Wait, that can’t be right? Yes, regardless of if you’re paying rent at a family member’s house, you get close to nothing. I promptly informed them to remove me from the system and I’ll be honest, a part of me felt relieved that I didn’t have to deal with that shame anymore.
What I find astounding is the number of people I hear calling freelancers and people on the benefits system lazy. For one, freelance work enables me to support my mental health, the number of unpaid hours I spend doing admin work is more than you think, and overall, I likely spend more time each week doing my job than they do. But the archaic rhetoric is that anyone who chooses a different path than the 9-5 is a vagrant, and that needs to change. Think about it this way; if more people are given the chance to build a business, then that business will expand and create job opportunities for those who do want a 9-5 which also has a positive impact on the local community.

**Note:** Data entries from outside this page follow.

lemma nash_eq_utility_outsider:
  assumes po: "priority_order n x s pr" and "k \<le> n"
    and ne: "nash_eq n x s k pr a"
    and i: "i \<in> agents n" "i \<notin> k_closest n pr k" and dist_i: "\<bar>s - x i\<bar> \<le> 1"
  shows "utility n x s k pr a i = 0"
proof (cases "a i \<and> i \<in> served n pr k a")
  case False
  then show ?thesis
    using nash_eq_deviation[OF ne i(1), of False] unfolding utility_def by auto
next
  case True
  interpret strict_total_order_on "agents n" pr
    using po by (rule priority_order_strict_total)
  have "i \<in> travellers n a"
    using True i unfolding travellers_def by blast
  then have "\<not> k_closest n pr k \<subseteq> travellers n a"
    using outsider_not_served[OF po \<open>k \<le> n\<close>] True i by blast
  then obtain j where j: "j \<in> k_closest n pr k" "\<not> a j"
    using k_closest_subset unfolding travellers_def by blast
  have "j \<in> agents n"
    using j k_closest_subset by blast
  have "pr j i"
    using j i top_k_above[of "agents n" j k i] unfolding k_closest_def by blast
  then have "\<not> \<bar>s - x i\<bar> < \<bar>s - x j\<bar>"
    using pr_asym priority_order_closer[OF po] i \<open>j \<in> agents n\<close> by blast
  then have "\<bar>s - x i\<bar> = 1"
    using nash_eq_absent_closest[OF ne j] dist_i by simp
  then show ?thesis
    using True i unfolding utility_def by simp
qed

theorem proposition3p1:
  fixes n k :: nat and x :: "nat \<Rightarrow> real" and s :: real and pr :: "nat \<Rightarrow> nat \<Rightarrow> bool"
  assumes "1 \<le> k" and "k \<le> n"
    and "\<forall>i\<in>agents n. 0 \<le> x i \<and> x i \<le> 1"
    and "0 \<le> s" and "s \<le> 1"
    and "priority_order n x s pr"
  shows "(\<exists>a. nash_eq n x s k pr a) \<and>
         (\<forall>a. nash_eq n x s k pr a \<longrightarrow>
            (\<forall>i\<in>agents n. utility n x s k pr a i =
               (if i \<in> k_closest n pr k then 1 - \<bar>s - x i\<bar> else 0)))"
proof -
  have dist: "\<forall>i\<in>agents n. \<bar>s - x i\<bar> \<le> 1"
    using assms(3-5) by auto
  have "nash_eq n x s k pr (\<lambda>i. i \<in> k_closest n pr k)"
    using assms(6,2) dist by (rule nash_eq_k_closest)
  moreover have "utility n x s k pr a i =
      (if i \<in> k_closest n pr k then 1 - \<bar>s - x i\<bar> else 0)"
    if "nash_eq n x s k pr a" "i \<in> agents n" for a i
    using that dist nash_eq_utility_closest nash_eq_utility_outsider[OF assms(6,2)] by auto
  ultimately show ?thesis
    by blast
qed

end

I wouldn’t choose that level of denigration on anyone, and I highly doubt those who have been on income support long-term (due to ill-health or any number of reasons) feel overjoyed at receiving such a small amount, only to be further penalised when they do begin to earn but offered no support on how to get back on their feet. This is why organisations like Purple Shoots is so important for the community; building people up by providing them with loans (over £2m to date) to help them start their own enterprise and reclaim their autonomy. My hope is that incentives like this are rolled out nationwide and on a wider scale.